JavaScript Regular Expressions (2015)

Chapter 5. Node.js and Regex

So far, we've had fun learning how to create regular expressions for different situations. However, you may be wondering what it would be like to apply a regular expression in a real-world situation, such as reading a log file and presenting its information in a user-friendlier format?

In this chapter, we will learn how to implement a simple Node.js application that reads a log file and parses it using a regular expression. This way, we can retrieve specific information from it and output it in a different format. We are going to test all the knowledge we obtained from the previous chapters of this book.
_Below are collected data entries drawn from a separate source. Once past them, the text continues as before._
text \<open>Up to a horizon \<open>T\<close>, the states of two trajectories stay \<open>C\<^sub>T |\<rho>\<^sub>1 - \<rho>\<^sub>2|\<close>-close, so
  uniform continuity of the running cost controls the payoffs; the discount makes the
  remaining tail uniformly small.\<close>
lemma integral_payoff_uniformly_equicontinuous:
  assumes \<epsilon>: "0 < \<epsilon>"
  shows "\<exists>\<delta>>0. \<forall>\<rho>1\<in>Delta h a. \<forall>\<rho>2\<in>Delta h a. dist \<rho>1 \<rho>2 < \<delta> \<longrightarrow>
    (\<forall>\<alpha>\<in>Ctrl U. \<bar>integral {0..} (payoff \<alpha> \<rho>1) - integral {0..} (payoff \<alpha> \<rho>2)\<bar> \<le> \<epsilon>)"
proof -
  define L where "L = cost_bound a"
  define \<eta> where "\<eta> = \<epsilon> * \<beta> / 4"
  have L: "0 \<le> L" by (simp add: L_def cost_bound_nonneg)
  have \<eta>: "0 < \<eta>" using \<epsilon> beta_pos by (simp add: \<eta>_def)
  obtain T where T: "0 < T" and eT: "exp (- (\<beta> / 2) * T) \<le> \<epsilon> * \<beta> / (8 * (L + 1))"
    using exists_exp_neg_le[of "\<beta> / 2" "\<epsilon> * \<beta> / (8 * (L + 1))"] \<epsilon> beta_pos L by auto
  have tail: "2 * L * exp (- (\<beta> / 2) * T) \<le> \<epsilon> * \<beta> / 4"
  proof -
    have "2 * L * exp (- (\<beta> / 2) * T) \<le> 2 * L * (\<epsilon> * \<beta> / (8 * (L + 1)))"
      using eT L by (intro mult_left_mono) auto
    also have "\<dots> = \<epsilon> * \<beta> / 4 * (L / (L + 1))" using L by (simp add: field_simps)
    also have "\<dots> \<le> \<epsilon> * \<beta> / 4" using L \<epsilon> beta_pos by (intro mult_left_le) auto
    finally show ?thesis .
  qed
  obtain \<delta>0 where \<delta>0: "0 < \<delta>0" and uc: "\<And>p p'. p \<in> cost_domain a \<Longrightarrow> p' \<in> cost_domain a \<Longrightarrow>
      dist p' p < \<delta>0 \<Longrightarrow> dist (running_cost a p') (running_cost a p) < \<eta>"
    using compact_uniformly_continuous[OF continuous_on_running_cost compact_cost_domain] \<eta>
    unfolding uniformly_continuous_on_def by metis
  define C where "C = exp (field_lipschitz * T) * (1 + real CARD('i) * flow_bound * T)"
  have "1 \<le> exp (field_lipschitz * T)" "1 \<le> 1 + real CARD('i) * flow_bound * T"
    using T flow_bound_nonneg by (auto simp: field_lipschitz_def)
  then have C: "1 \<le> C" unfolding C_def using mult_mono[of 1 _ 1] by fastforce
  show ?thesis
  proof (intro exI[of _ "\<delta>0 / C"] conjI ballI impI)
    show "0 < \<delta>0 / C" using \<delta>0 C by simp
    fix \<rho>1 \<rho>2 \<alpha> assume \<rho>1: "\<rho>1 \<in> Delta h a" and \<rho>2: "\<rho>2 \<in> Delta h a"
      and d: "dist \<rho>1 \<rho>2 < \<delta>0 / C" and \<alpha>: "\<alpha> \<in> Ctrl U"
    note diff = abs_payoff_diff_eq[OF \<alpha> \<rho>1 \<rho>2]
    have near: "\<bar>payoff \<alpha> \<rho>1 t - payoff \<alpha> \<rho>2 t\<bar> \<le> \<eta> * exp (- \<beta> * t)" if t: "t \<in> {0..T}" for t
    proof -
      have "dist (state \<alpha> \<rho>1 t) (state \<alpha> \<rho>2 t) \<le> C * norm (\<rho>1 - \<rho>2)"
        unfolding C_def by (rule dist_state_le[OF \<alpha> \<rho>1 \<rho>2 t])
      also have "\<dots> < \<delta>0" using d C by (simp add: dist_norm field_simps)
      finally have "\<bar>running_cost a (state \<alpha> \<rho>1 t) - running_cost a (state \<alpha> \<rho>2 t)\<bar> \<le> \<eta>"
        using uc[OF state_in_cost_domain[OF \<alpha> \<rho>2] state_in_cost_domain[OF \<alpha> \<rho>1], of t t] t
        by (auto simp: dist_real_def)
      then show ?thesis using diff[of t] t by (auto intro: mult_right_mono)
    qed
    have far: "\<bar>payoff \<alpha> \<rho>1 t - payoff \<alpha> \<rho>2 t\<bar> \<le> (2 * L) * exp (- \<beta> * t)" if "0 \<le> t" for t
      using that diff[of t] abs_running_cost_le[OF state_in_cost_domain[OF \<alpha> \<rho>1 that]]
        abs_running_cost_le[OF state_in_cost_domain[OF \<alpha> \<rho>2 that]]
      by (auto simp: L_def intro!: mult_right_mono)
    have "\<bar>integral {0..} (payoff \<alpha> \<rho>1) - integral {0..} (payoff \<alpha> \<rho>2)\<bar>
        \<le> 2 * (\<eta> + 2 * L * exp (- (\<beta> / 2) * T)) / \<beta>"
      using discounted_integral_diff_le[OF beta_pos integrable_payoff[OF \<alpha> \<rho>1]
          integrable_payoff[OF \<alpha> \<rho>2], of \<eta> "2 * L" T] near far \<eta> L by (simp add: mult.assoc)
    also have "\<dots> \<le> \<epsilon>"
      using tail beta_pos by (simp add: \<eta>_def field_simps)
    finally show "\<bar>integral {0..} (payoff \<alpha> \<rho>1) - integral {0..} (payoff \<alpha> \<rho>2)\<bar> \<le> \<epsilon>" .
  qed
qed

lemma continuous_on_GG_Delta: "continuous_on (Delta h a) (GG h U \<Lambda> f \<beta> nu0 qd w)"
proof -
  have "continuous_on (Delta h a) (\<lambda>\<rho>. INF \<alpha>\<in>Ctrl U. integral {0..} (payoff \<alpha> \<rho>))"
  proof (rule continuous_on_INF_equicontinuous[OF Ctrl_nonempty])
    fix \<rho> assume "\<rho> \<in> Delta h a"
    then show "bdd_below ((\<lambda>\<alpha>. integral {0..} (payoff \<alpha> \<rho>)) ` Ctrl U)"
      using abs_integral_payoff_le by (intro bdd_belowI2[where m="- (cost_bound a / \<beta>)"]) force
  next
    fix \<rho> and \<epsilon> :: real assume "\<rho> \<in> Delta h a" "0 < \<epsilon>"
    then show "\<exists>\<delta>>0. \<forall>\<rho>'\<in>Delta h a. dist \<rho>' \<rho> < \<delta> \<longrightarrow>
        (\<forall>\<alpha>\<in>Ctrl U. \<bar>integral {0..} (payoff \<alpha> \<rho>') - integral {0..} (payoff \<alpha> \<rho>)\<bar> \<le> \<epsilon>)"
      using integral_payoff_uniformly_equicontinuous by blast
  qed
  then show ?thesis by (rule continuous_on_eq) (simp add: GG_eq_INF_integral_payoff)
qed

lemma continuous_on_GG: "continuous_on (Delta_e h) (GG h U \<Lambda> f \<beta> nu0 qd w)"
  unfolding Delta_e_def
  by (intro continuous_on_closed_Union closed_Delta continuous_on_GG_Delta) auto

end

theorem mainTheorem11:
  fixes h :: "'i::finite \<Rightarrow> 'o::finite"
    and U :: "'u::metric_space set"
    and \<Lambda> :: "'u \<Rightarrow> real^'i^'i"
    and f :: "'i \<Rightarrow> 'u \<Rightarrow> real"
    and \<beta> :: real
    and nu0 :: "'o \<Rightarrow> real^'i"
    and qd :: "'o \<Rightarrow> 'o \<Rightarrow> real"
    and w :: "real^'i \<Rightarrow> real"
  assumes h_surj: "surj h"
    and h_nonconst: "\<exists>i j. h i \<noteq> h j"
    and U_compact: "compact U"
    and Lambda_offdiag: "\<forall>u\<in>U. \<forall>i j. i \<noteq> j \<longrightarrow> 0 \<le> \<Lambda> u $ i $ j"
    and Lambda_rows: "\<forall>u\<in>U. \<forall>i. (\<Sum>j\<in>UNIV. \<Lambda> u $ i $ j) = 0"
    and beta_pos: "\<beta> > 0"
    and nu0_in: "\<forall>b. nu0 b \<in> Delta h b"
    and qd_prob: "\<forall>a. (\<forall>b. 0 \<le> qd a b) \<and> qd a a = 0 \<and> (\<Sum>b\<in>UNIV. qd a b) = 1"
    and Lambda_cont: "\<forall>i j. continuous_on U (\<lambda>u. \<Lambda> u $ i $ j)"
    and f_cont: "\<forall>i. continuous_on U (f i)"
    and w_cont: "continuous_on (Delta_e h) w"
  shows "continuous_on (Delta_e h) (GG h U \<Lambda> f \<beta> nu0 qd w)"
proof (cases "U = {}")
  case True
  then have "Ctrl U = {}" by (auto simp: Ctrl_def)
  then show ?thesis by (simp add: GG_def)
next
  case False
  have "continuous_on U (\<lambda>u. \<chi> i j. \<Lambda> u $ i $ j)"
    using Lambda_cont by (intro continuous_on_vec_lambda) auto
  then interpret control_problem h U \<Lambda> f \<beta> nu0 qd w
    using assms False by unfold_locales (auto simp: rate_matrix_def)
  show ?thesis by (rule continuous_on_GG)
qed

end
In this chapter we will cover the following topics:

· Installing the required software to develop our example

· Reading a file with Node.js

· Analyzing the anatomy of an Apache log file

· Creating a parse with regular expressions to read an Apache log file

Setting up Node.js

Since we will be developing a Node.js application, the first step is to have Node.js installed. We can get it from http://nodejs.org/download/. Just follow the download instructions and we will have it set up on our computer.

Note

If this is your first time working with Node.js, please go through the tutorials at https://nodejs.org/.

To make sure we have Node.js installed, open the terminal application (Command Prompt, if you're using Windows), and type node –v. The Node.js version installed should be displayed as follows:

Setting up Node.js

We are now good to go!

Getting started with our application

Let's start developing our sample application with Node.js, which will read a log file and parse its information using a regular expression. We are going to create all the required code inside a JavaScript file, which we will name as regex.js. Before we start coding, we will perform a simple test. Add the following content inside the regex.js:

console.log('Hello, World!');

Next, in the terminal application, execute the regex.js command node from the directory that the file was created in. The Hello, World! message should be displayed as follows:

Getting started with our application

The hello world application with Node.js is created and it works! We can now start coding our application.

Reading a file with Node.js

As the main goal of our application is to read a file, we need the file that the application is going to read! We will be using a sample Apache log file. There are many files on the Internet, but we will be using the log file that can be downloaded fromhttp://fossies.org/linux/source-highlight/tests/access.log. Place the file in the same directory that the regex.js file was created.

Note

This sample Apache log file is also available within the source code bundle from this book.

To read a file with Node.js, we need to import the Node.js filesystem module. Remove the console.log message we placed inside the regex.js file and add the following line of code:

var fs = require('fs');

Note

To learn more about the Node.js filesystem module, please read its documentation at http://nodejs.org/api/fs.html.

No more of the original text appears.